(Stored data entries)

(* Let $k$ be a positive integer, $a=3k+2$, $S=\{a,a+1,a+2\}$, $G=\langle S\rangle$, $t=\lfloor 3k/2\rfloor$, $I_{i,k}=[ia,\,ia+2i]$ for $i\in[0,t+1]$, and $H_{7,k}=\bigcup_{i=0}^{t}I_{i,k}\cup[(t+1)a,\infty[$. Then: (1) $G=H_{7,k}$; (2) $I_{i,k}<I_{i+1,k}$ for every $i\in[0,t]$, and $I_{t,k}<[(t+1)a,\infty[$; (3) $H_{7,k}$ is a $3$-permutation numerical semigroup.
   Context: $\mathbb{N}=\{0,1,2,\dots\}$. A numerical semigroup is a submonoid $G$ of $(\mathbb{N},+,0)$ with $\mathbb{N}\setminus G$ finite; $\langle S\rangle$ is the submonoid generated by $S$. Writing the elements of a numerical semigroup as $0=g_0<g_1<g_2<\cdots$, it is an $n$-permutation numerical semigroup if it is generated by $\{g_1,\dots,g_n\}$ and for every $k\in\mathbb{N}$ the tuple $(g_{kn+1}\bmod n,\dots,g_{kn+n}\bmod n)$ contains exactly one representative of each residue class mod $n$. Notation: $[u,v]=\{x\in\mathbb{N}:u\le x\le v\}$, $[u,\infty[=\{x\in\mathbb{N}:x\ge u\}$; for nonempty $X,Y\subseteq\mathbb{N}$, $X<Y$ means $x<y$ for all $x\in X,y\in Y$. *)

theory Defs
  imports Main "HOL-Library.Infinite_Set"
begin

inductive_set gen_monoid :: "nat set \<Rightarrow> nat set" for S :: "nat set" where
  zero: "0 \<in> gen_monoid S"
| add: "x \<in> gen_monoid S \<Longrightarrow> s \<in> S \<Longrightarrow> x + s \<in> gen_monoid S"

definition submonoid_nat :: "nat set \<Rightarrow> bool" where
  "submonoid_nat G \<longleftrightarrow> 0 \<in> G \<and> (\<forall>x\<in>G. \<forall>y\<in>G. x + y \<in> G)"

definition numerical_semigroup :: "nat set \<Rightarrow> bool" where
  "numerical_semigroup G \<longleftrightarrow> submonoid_nat G \<and> finite (UNIV - G)"
lemma dphi_sq:
  "(dphi x)\<^sup>2 = \<omega> * A\<^sup>2 * (cosh (\<kappa> * x) powr (- (2 * \<alpha>)) - cosh (\<kappa> * x) powr (- (2 * \<alpha> + 2)))"
proof -
  let ?c = "cosh (\<kappa> * x)"
  have sq: "?c powr 2 = ?c\<^sup>2" by (simp add: powr_numeral)
  have exponent: "- (2 * \<alpha> + 2) + 2 = - (2 * \<alpha>)" by simp
  have "?c powr (- (2 * \<alpha> + 2)) * ?c powr 2 = ?c powr (- (2 * \<alpha> + 2) + 2)" by (rule powr_add[symmetric])
  then have c2: "?c powr (- (2 * \<alpha> + 2)) * ?c\<^sup>2 = ?c powr (- (2 * \<alpha>))" unfolding sq exponent .
  have "(?c powr (-\<alpha> - 1))\<^sup>2 = ?c powr (- (2 * \<alpha> + 2))"
    by (simp add: power2_eq_square powr_add[symmetric])
  then have "(dphi x)\<^sup>2 = (\<alpha> * \<kappa>)\<^sup>2 * A\<^sup>2 * (?c powr (- (2 * \<alpha> + 2)) * (sinh (\<kappa> * x))\<^sup>2)"
    unfolding dphi_def by (simp add: power_mult_distrib algebra_simps)
  also have "\<dots> = \<omega> * A\<^sup>2 * (?c powr (- (2 * \<alpha> + 2)) * ?c\<^sup>2 - ?c powr (- (2 * \<alpha> + 2)))"
    using cosh_square_eq[of "\<kappa> * x"] omega_pos unfolding alpha_kappa by (simp add: algebra_simps)
  finally show ?thesis unfolding c2 .
qed

lemma calib_phi: "calib p A (phi p \<mu> x) = \<bar>dphi x\<bar>"
proof -
  have "(calib p A (phi p \<mu> x))\<^sup>2 = (2/p) * (A powr (p-2) * (phi p \<mu> x)\<^sup>2 - phi p \<mu> x powr p)"
    by (rule calib_sq[OF p_gt_2 less_imp_le[OF phi_pos] phi_le_A])
  also have "\<dots> = (dphi x)\<^sup>2"
    unfolding A_powr phi_sq phi_powr_p dphi_sq using p_gt_2 by (simp add: field_simps)
  finally show ?thesis by (metis abs_ge_zero calib_nonneg power2_eq_iff_nonneg power2_abs)
qed

lemma dphi_nonpos: "0 \<le> x \<Longrightarrow> dphi x \<le> 0"
  unfolding dphi_def using alpha_pos kappa_pos A_pos
  by (intro mult_nonpos_nonneg mult_nonneg_nonneg) (auto simp: zero_le_mult_iff)

lemma dphi_nonneg: "x \<le> 0 \<Longrightarrow> 0 \<le> dphi x"
proof -
  assume "x \<le> 0"
  then have "sinh (\<kappa> * x) \<le> 0" using kappa_pos by (simp add: mult_nonneg_nonpos)
  then show ?thesis unfolding dphi_def using alpha_pos kappa_pos A_pos
    by (simp add: mult_nonpos_nonpos mult_nonneg_nonpos)
qed

lemma integrable_cosh_powers:
  "integrable lborel (\<lambda>x. cosh (\<kappa> * x) powr (- (2 * \<alpha>)))"
  "integrable lborel (\<lambda>x. cosh (\<kappa> * x) powr (- (2 * \<alpha> + 2)))"
  using integrable_cosh_powr_neg[OF kappa_pos, of "2 * \<alpha>"]
    integrable_cosh_powr_neg[OF kappa_pos, of "2 * \<alpha> + 2"] two_alpha_ge_1 by auto

lemma integrable_phi_sq: "integrable lborel (\<lambda>x. (phi p \<mu> x)\<^sup>2)"
  unfolding phi_sq using integrable_cosh_powers by simp

lemma integrable_dphi_sq: "integrable lborel (\<lambda>x. (dphi x)\<^sup>2)"
  unfolding dphi_sq using integrable_cosh_powers by simp

lemma H1_phi: "H1 \<Phi>"
  and integral_dH1_phi: "(LINT x|lborel. (cmod (dH1 \<Phi> x))\<^sup>2) = (LINT x|lborel. (dphi x)\<^sup>2)"
  using H1_of_real_C1[OF phi_has_derivative continuous_dphi integrable_phi_sq integrable_dphi_sq]
  by auto

lemma mass_phi: "mass \<Phi> = \<mu>"
proof -
  have sw: "0 < sqrt \<omega>" using omega_pos by simp
  have "(phi p \<mu> x)\<^sup>2 = \<omega> powr (2/(p-2)) * (Qp p (sqrt \<omega> * x))\<^sup>2" for x
  proof -
    have "(\<omega> powr (1/(p-2)))\<^sup>2 = \<omega> powr (2/(p-2))"
      by (simp add: power2_eq_square powr_add[symmetric])
    then show ?thesis unfolding phi_def \<omega>_def[symmetric] by (simp add: power_mult_distrib)
  qed
  moreover have "M1 p = sqrt \<omega> * (LINT x|lborel. (Qp p (sqrt \<omega> * x))\<^sup>2)"
    using lborel_integral_real_affine[of "sqrt \<omega>" "\<lambda>x. (Qp p x)\<^sup>2" 0] sw unfolding M1_def by simp
  ultimately have "mass \<Phi> = \<omega> powr (2/(p-2)) * (M1 p / sqrt \<omega>)"
    unfolding mass_def using sw by simp
  also have "\<dots> = \<omega> powr (2/(p-2) - 1/2) * M1 p"
    using omega_pos by (simp add: powr_diff powr_half_sqrt[symmetric])
  also have "\<omega> powr (2/(p-2) - 1/2) = \<mu> / M1 p"
  proof -
    have "\<omega> powr (2/(p-2) - 1/2) = (\<mu> / M1 p) powr (2*(p-2)/(6-p) * (2/(p-2) - 1/2))"
      unfolding \<omega>_def omega_def by (simp add: powr_powr)
    also have "2*(p-2)/(6-p) * (2/(p-2) - 1/2) = 1"
    proof -
      have "2/(p-2) - 1/2 = (6-p) / (2*(p-2))" using p_gt_2 by (simp add: field_simps)
      then show ?thesis using p_gt_2 p_lt_6 by simp
    qed
    finally show ?thesis using mu_pos M1_pos by simp
  qed
  finally show ?thesis using M1_pos by simp
qed

lemma A_sq_J: "A\<^sup>2 * J = \<mu>"
proof -
  have "(LINT x|lborel. (phi p \<mu> x)\<^sup>2) = \<mu>" using mass_phi by (simp add: mass_def)
  then show ?thesis unfolding phi_sq J_def by simp
qed

lemma cosh_powers_integral:
  "(LINT x|lborel. cosh (\<kappa> * x) powr (- (2 * \<alpha> + 2))) = 4 * J / (p + 2)"
proof -
  let ?L = "LINT x|lborel. cosh (\<kappa> * x) powr (- (2 * \<alpha> + 2))"
  have "(p - 2) * ((2 * \<alpha> + 1) * ?L) = (p - 2) * (2 * \<alpha> * J)"
    unfolding J_def using cosh_powr_integral_recursion[OF kappa_pos two_alpha_ge_1] by simp
  moreover have "(p - 2) * (2 * \<alpha> + 1) = p + 2" "(p - 2) * (2 * \<alpha>) = 4"
    using p_nonzero by (simp_all add: \<alpha>_def field_simps)
  ultimately have "(p + 2) * ?L = 4 * J" by (simp only: mult.assoc[symmetric])
  then show ?thesis using p_nonzero by (simp add: field_simps)
qed

lemma integral_dphi_sq: "(LINT x|lborel. (dphi x)\<^sup>2) = (p - 2) * \<theta>"
proof -
  have "(LINT x|lborel. (dphi x)\<^sup>2) = \<omega> * A\<^sup>2 * (J - 4 * J / (p + 2))"
    unfolding dphi_sq J_def[symmetric] cosh_powers_integral[symmetric]
    using integrable_cosh_powers by (simp add: J_def)
  also have "\<dots> = (p - 2) * (\<omega> * (A\<^sup>2 * J) / (p + 2))"
    using p_nonzero by (simp add: field_simps)
  finally show ?thesis unfolding A_sq_J \<theta>_def .
qed

lemma integral_phi_powr_p: "(LINT x|lborel. phi p \<mu> x powr p) = 2 * p * \<theta>"
proof -
  have "(LINT x|lborel. phi p \<mu> x powr p) = A\<^sup>2 * (\<omega> * p / 2) * (4 * J / (p + 2))"
    unfolding phi_powr_p cosh_powers_integral[symmetric] by simp
  also have "\<dots> = 2 * p * (\<omega> * (A\<^sup>2 * J) / (p + 2))"
    using p_nonzero by (simp add: field_simps)
  finally show ?thesis unfolding A_sq_J \<theta>_def .
qed

lemma E0_phi: "E0 p \<Phi> = (p - 6) / 2 * \<theta>"
proof -
  have "(LINT x|lborel. cmod (\<Phi> x) powr p) = 2 * p * \<theta>"
    using phi_pos integral_phi_powr_p by (simp add: less_imp_le)
  then have "E0 p \<Phi> = (1/2) * ((p - 2) * \<theta>) - (1/p) * (2 * p * \<theta>)"
    unfolding E0_def integral_dH1_phi integral_dphi_sq by simp
  also have "\<dots> = (p - 6) / 2 * \<theta>"
    using p_nonzero by (simp add: field_simps)
  finally show ?thesis .
qed

end

section \<open>Minimality of the soliton\<close>

context soliton
begin

abbreviation calib_primitive :: "real \<Rightarrow> real" where
  "calib_primitive s \<equiv> integral {0..s} (calib p A)"

lemma continuous_on_calib_primitive: "continuous_on {0..A} calib_primitive"
  by (intro indefinite_integral_continuous_1 integrable_continuous_real
      continuous_on_subset[OF continuous_on_calib]) (use p_gt_2 in auto)

lemma continuous_on_calib_primitive_phi: "continuous_on UNIV (\<lambda>x. calib_primitive (phi p \<mu> x))"
  by (rule continuous_on_compose2[OF continuous_on_calib_primitive continuous_phi])
     (use phi_pos phi_le_A in \<open>auto simp: less_imp_le\<close>)

lemma calib_primitive_phi_tendsto_0:
  assumes "(phi p \<mu> \<longlongrightarrow> 0) F"
  shows "((\<lambda>x. calib_primitive (phi p \<mu> x)) \<longlongrightarrow> 0) F"
proof -
  have "((\<lambda>x. calib_primitive (phi p \<mu> x)) \<longlongrightarrow> calib_primitive 0) F"
    by (rule continuous_on_tendsto_compose[OF continuous_on_calib_primitive assms])
       (use A_pos phi_pos phi_le_A in \<open>auto simp: less_imp_le\<close>)
  then show ?thesis by simp
qed

lemma calib_primitive_phi_has_derivative:
  assumes "x \<noteq> 0"
  shows "((\<lambda>x. calib_primitive (phi p \<mu> x)) has_real_derivative \<bar>dphi x\<bar> * dphi x) (at x)"
proof -
  have "(calib_primitive has_real_derivative calib p A s) (at s)" if "0 < s" "s < A" for s
  proof -
    have "(calib_primitive has_real_derivative calib p A s) (at s within {0..A})"
      by (rule integral_has_real_derivative[OF continuous_on_subset[OF continuous_on_calib]])
         (use that p_gt_2 in auto)
    then show ?thesis using that by (simp add: at_within_Icc_at)
  qed
  from DERIV_chain2[OF this[OF phi_pos phi_lt_A[OF assms]] phi_has_derivative]
  show ?thesis unfolding calib_phi .
qed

**WHAT IS BEING ASKED**
Take the line containing "(use that p_gt_2 in auto)" as the start and the last line of the data as the end, and reproduce that range exactly.

**EXERCISE ANSWER**
         (use that p_gt_2 in auto)
    then show ?thesis using that by (simp add: at_within_Icc_at)
  qed
  from DERIV_chain2[OF this[OF phi_pos phi_lt_A[OF assms]] phi_has_derivative]
  show ?thesis unfolding calib_phi .
qed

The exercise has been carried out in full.